= YOUR TASK =
What is needed here is an exact repetition of the records below, beginning at the line that has "Poincare inequality bounds" and stopping after the line that has "then show ?thesis".

= DATASET EXTRACT =
(* Hard instances: the complete graph on n vertices from which the matching edges
  {2j, 2j+1}, j < m = n div 4, are removed except for j in S.  Putting back one edge creates at
  least t^(k-2) new k-cycles, with t = (n - 2m) div (k-2), so C_k increases by at least
  N = t^(k-2) in every coordinate of the cube of sets S.  The bit "j in S" is visible only to
  the users 2j and 2j+1, whose total privacy budget is 2 eps; hence along every transcript the
  likelihood ratio between "j in S" and "j not in S" stays in [exp (-2 eps), exp (2 eps)].
  Following the protocol tree with these ratios as product weights on the cube, a weighted
  Poincare inequality bounds the Bayes squared error under the uniform prior on S from below
  by N^2 m / (4 exp (2 eps)), which is of order n^(2k-3).  An error of o(n^(k-3/2)) would
  make the squared error o(n^(2k-3)). *)

lemma sum_Pow_insert:
  assumes "finite J" "a \<notin> J"
  shows "(\<Sum>S\<in>Pow (insert a J). g S) = (\<Sum>S\<in>Pow J. g S + g (insert a S))"
proof -
  have "Pow J \<inter> insert a ` Pow J = {}" "inj_on (insert a) (Pow J)"
    using assms by (auto simp: inj_on_def)
  then show ?thesis
    by (simp add: Pow_insert sum.union_disjoint assms sum.reindex sum.distrib)
qed

lemma sum_Pow_prod_eq_prod_add_one:
  fixes r :: "'a \<Rightarrow> 'b::comm_semiring_1"
  assumes "finite J"
  shows "(\<Sum>S\<in>Pow J. prod r S) = (\<Prod>j\<in>J. 1 + r j)"
  using prod_add[OF assms, of r "\<lambda>_. 1"] by (simp add: add.commute)

lemma two_point_sq_dist_eq:
  fixes r z \<alpha> \<beta> :: real
  assumes "0 \<le> r"
  shows "(z - \<alpha>)\<^sup>2 + r * (z - \<beta>)\<^sup>2
       = (1 + r) * (z - (\<alpha> + r * \<beta>) / (1 + r))\<^sup>2 + r / (1 + r) * (\<beta> - \<alpha>)\<^sup>2"
proof -
  define T where "T = 1 + r"
  have T: "T \<noteq> 0" using assms by (simp add: T_def)
  have "z - (\<alpha> + r * \<beta>) / T = (T * z - \<alpha> - r * \<beta>) / T"
    using T by (simp add: field_simps)
  then have "T * (z - (\<alpha> + r * \<beta>) / T)\<^sup>2 + r / T * (\<beta> - \<alpha>)\<^sup>2
      = ((T * z - \<alpha> - r * \<beta>)\<^sup>2 + r * (\<beta> - \<alpha>)\<^sup>2) / T"
    using T by (simp add: power2_eq_square field_simps)
  also have "(T * z - \<alpha> - r * \<beta>)\<^sup>2 + r * (\<beta> - \<alpha>)\<^sup>2 = T * ((z - \<alpha>)\<^sup>2 + r * (z - \<beta>)\<^sup>2)"
    by (simp add: T_def power2_eq_square algebra_simps)
  finally show ?thesis using T by (simp add: T_def)
qed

= ANSWER TO THE EXERCISE =
  Poincare inequality bounds the Bayes squared error under the uniform prior on S from below
  by N^2 m / (4 exp (2 eps)), which is of order n^(2k-3).  An error of o(n^(k-3/2)) would
  make the squared error o(n^(2k-3)). *)

lemma sum_Pow_insert:
  assumes "finite J" "a \<notin> J"
  shows "(\<Sum>S\<in>Pow (insert a J). g S) = (\<Sum>S\<in>Pow J. g S + g (insert a S))"
proof -
  have "Pow J \<inter> insert a ` Pow J = {}" "inj_on (insert a) (Pow J)"
    using assms by (auto simp: inj_on_def)
  then show ?thesis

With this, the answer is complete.